Canlılar bulunduğu ortamlarda sürekli bir ısı alışverişinde bulunur. Bu alışveriş sırasında çevrenin mevcut ısısına adapte olan insan bedeni, belli bir ısı eşiğinden sonra üşüme ya da terleme tepkisinde bulunur. Isı eşiği türler arası farklılık gösterdiği gibi bireysel olarak her insanda da farklı aralıklarda seyreder. Bu yüzdendir ki aynı hava şartlarında aynı çevrede yaşamını sürdüren insanların bazıları üşürken bazıları havanın normal olduğu yönünde söylemde bulunur.
Isıl konfor ise hareket edilen ortamın sıcaklığı, nemi veya havalandırmasının bireyler üzerinde yarattığı duygu olarak tanımlanır. Konforun sağlanması ya da sağlanmaması bireylerin günlük aktivitelerinde oldukça etkilidir. İnsan vücudunun gerek duyduğu ısı eşiğinin ortamda sağlanması halinde bireyler rahatlıkla ve sorunsuz bir şekilde eylemlerini gerçekleştirebilir. Eylemlerin gerçekleşmesi sırasında farklı bir uyarıcıya maruz kalmamış olur.
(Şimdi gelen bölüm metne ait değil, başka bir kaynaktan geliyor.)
lemma wl1_round_one: "wl1 G (Suc 0) v = regular_colour (Suc 0) (degree G v)"
proof -
  have "wl_col (\<lambda>_ _. ()) G 0 = (\<lambda>_. Init ())"
    by (simp add: fun_eq_iff)
  then show ?thesis
    by (simp add: wl1_def degree_def image_mset_const_eq regular_colour.simps(2))
qed

lemma wl1_eq_regular_colour:
  assumes same_degree: "\<And>u v. snd G u v \<Longrightarrow> degree G u = degree G v"
  shows "wl1 G t v = regular_colour t (degree G v)"
proof (induction t arbitrary: v)
  case 0
  then show ?case by (simp add: wl1_def)
next
  case (Suc t)
  let ?N = "{u. u < fst G \<and> snd G v u}"
  have "image_mset (wl1 G t) (mset_set ?N) = image_mset (\<lambda>_. regular_colour t (degree G v)) (mset_set ?N)"
    by (rule image_mset_cong) (auto simp: Suc.IH dest: same_degree)
  then show ?case
    by (simp add: wl1_def Suc.IH[unfolded wl1_def] degree_def image_mset_const_eq
        regular_colour.simps(2))
qed

lemma col_count_wl1_regular_colour:
  assumes "\<And>v. v < fst G \<Longrightarrow> wl1 G (Suc t) v = regular_colour (Suc t) (degree G v)"
  shows "col_count wl1 G (Suc t) (regular_colour (Suc t) d) = degree_count G d"
  unfolding col_count_def degree_count_def
  by (rule arg_cong[where f = card]) (auto simp: assms regular_colour_Suc_inject)

lemma wl_dist_one_round_if_degree_count_differs:
  assumes "degree_count G d \<noteq> degree_count H d"
  shows "wl_dist_one_round G H"
proof -
  let ?c = "regular_colour (Suc 0) d"
  have "col_count wl1 G (Suc 0) ?c \<noteq> col_count wl1 H (Suc 0) ?c"
    using assms by (simp add: col_count_wl1_regular_colour[OF wl1_round_one])
  then show ?thesis
    unfolding wl_dist_one_round_def by (metis One_nat_def order_refl)
qed

lemma card_bij_betw_Collect:
  assumes f: "bij_betw f {..<m} {..<n}" and PQ: "\<And>a. a < m \<Longrightarrow> Q (f a) \<longleftrightarrow> P a"
  shows "card {v. v < n \<and> Q v} = card {a. a < m \<and> P a}"
proof -
  have "{v. v < n \<and> Q v} = f ` {a. a < m \<and> P a}"
    using f PQ by (force simp: bij_betw_def)
  moreover have "inj_on f {a. a < m \<and> P a}"
    using f by (auto simp: bij_betw_def intro: inj_on_subset)
  ultimately show ?thesis by (simp add: card_image)
qed

lemma degree_count_graph_iso:
  assumes "graph_iso G H"
  shows "degree_count G d = degree_count H d"
proof -
  obtain f where f: "bij_betw f {..<fst G} {..<fst H}"
    and adj: "\<And>a b. a < fst G \<Longrightarrow> b < fst G \<Longrightarrow> snd G a b \<longleftrightarrow> snd H (f a) (f b)"
    using assms unfolding graph_iso_def by blast
  have "degree H (f a) = degree G a" if "a < fst G" for a
    unfolding degree_def using that by (intro card_bij_betw_Collect[OF f]) (simp add: adj)
  then show ?thesis
    unfolding degree_count_def by (intro card_bij_betw_Collect[OF f, symmetric]) simp
qed

section \<open>Induced copies of a pattern\<close>

definition triangle :: graph where
  "triangle = (3, \<lambda>u v. u < 3 \<and> v < 3 \<and> u \<noteq> v)"

lemma wf_graph_triangle: "wf_graph triangle"
  by (auto simp: wf_graph_def triangle_def)

lemma in_induced_copy_triangleI:
  assumes "wf_graph G" "a < fst G" "b < fst G" "c < fst G"
    and "snd G a b" "snd G b c" "snd G c a"
  shows "in_induced_copy triangle G a"
proof -
  let ?f = "\<lambda>i::nat. if i = 0 then a else if i = 1 then b else c"
  have three: "{..<3} = {0, 1, 2::nat}"
    by auto
  have distinct: "a \<noteq> b" "b \<noteq> c" "c \<noteq> a"
    using assms unfolding wf_graph_def by auto
  have sym: "snd G b a" "snd G c b" "snd G a c" and irrefl: "\<not> snd G a a" "\<not> snd G b b" "\<not> snd G c c"
    using assms unfolding wf_graph_def by auto
  have "bij_betw ?f {..<3} {a, b, c}"
    using distinct by (auto simp: bij_betw_def inj_on_def three)
  moreover have "\<forall>i<3. \<forall>j<3. snd triangle i j \<longleftrightarrow> snd G (?f i) (?f j)"
  proof (intro allI impI)
    fix i j :: nat
    assume "i < 3" "j < 3"
    then have "i \<in> {0, 1, 2}" "j \<in> {0, 1, 2}"
      by auto
    then show "snd triangle i j \<longleftrightarrow> snd G (?f i) (?f j)"
      using assms(5-7) sym irrefl by (auto simp: triangle_def)
  qed
  ultimately show ?thesis
    unfolding in_induced_copy_def using assms(2-4)
    by (intro exI[of _ "{a, b, c}"] conjI exI[of _ ?f]) (auto simp: triangle_def)
qed

lemma in_induced_copy_triangleD:
  assumes "in_induced_copy triangle G v"
  obtains x y where "snd G v x" "snd G x y" "snd G y v"
proof -
  obtain X f where "v \<in> X" and f: "bij_betw f {..<3::nat} X"
    and adj: "\<And>i j. i < 3 \<Longrightarrow> j < 3 \<Longrightarrow> i \<noteq> j \<Longrightarrow> snd G (f i) (f j)"
    using assms unfolding in_induced_copy_def triangle_def by auto
  then obtain i where "i < 3" "v = f i"
    by (auto simp: bij_betw_def)
  moreover have "i \<noteq> (i + 1) mod 3" "(i + 1) mod 3 \<noteq> (i + 2) mod 3" "(i + 2) mod 3 \<noteq> i"
    using \<open>i < 3\<close> by presburger+
  ultimately show thesis
    using adj[of i "(i + 1) mod 3"] adj[of "(i + 1) mod 3" "(i + 2) mod 3"] adj[of "(i + 2) mod 3" i]
    by (intro that[of "f ((i + 1) mod 3)" "f ((i + 2) mod 3)"]) auto
qed

lemma not_in_induced_copy_triangle_if_parity_bipartite:
  assumes "\<And>u v. snd G u v \<Longrightarrow> odd (u + v)"
  shows "\<not> in_induced_copy triangle G v"
proof
  assume "in_induced_copy triangle G v"
  then obtain x y where "odd (v + x)" "odd (x + y)" "odd (y + v)"
    using assms by (metis in_induced_copy_triangleD)
  then show False by presburger
qed

lemma card_in_induced_copy_ge:
  assumes "in_induced_copy F G v"
  shows "fst F \<le> card {u. u < fst G \<and> in_induced_copy F G u}"
proof -
  obtain X f where "X \<subseteq> {..<fst G}" and f: "bij_betw f {..<fst F} X"
    and "\<forall>a<fst F. \<forall>b<fst F. snd F a b \<longleftrightarrow> snd G (f a) (f b)"
    using assms unfolding in_induced_copy_def by blast
  then have "X \<subseteq> {u. u < fst G \<and> in_induced_copy F G u}"
    unfolding in_induced_copy_def by blast
  moreover have "card X = fst F"
    using bij_betw_same_card[OF f] by simp
  ultimately show ?thesis
    using card_mono[of "{u. u < fst G \<and> in_induced_copy F G u}" X] by simp
qed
Tam tersi durumda yani gereksinim duyulan ortam sıcaklığı sağlanamadığında ise bireyler öncelikli olarak ısınma ihtiyacı duyar. Bu ihtiyacı karşılanmadığı sürece günlük aktivitelerin gerçekleştirilmesi yavaşlar ve aksar. Isıl konfor, canlıların zihinsel olarak memnuniyet hissetmeleri için önemlidir. Yaşanılan çevrede oluşturulan bu konfor sayesinde canlıların performanslarında değişimler meydana gelir. Bu değişimler doğru yönde olduğu takdirde işlevsellik kazandırır.
İnsanlar, tıpkı memeliler ve kuşlar gibi sıcakkanlı bir canlıdır. Sıcakkanlı canlıların ortak özelliği ise vücut ısılarını sabit tutmaya çalışmalarıdır. İç sıcaklığın sabit tutulması sırasında çevrenin ısısına göre bir değişim meydana gelir. Çevrenin ısısı vücut ısısının çok üzerinde bir sıcaklığa sahip ise beden kendini soğutur ve dengelemeye çalışır. Tam tersi bir durumda yani çevrenin ısısının vücut ısısının çok altında bir sıcaklığa sahip olmasında ise vücut ısı oluşturarak denge kurmaya çalışır.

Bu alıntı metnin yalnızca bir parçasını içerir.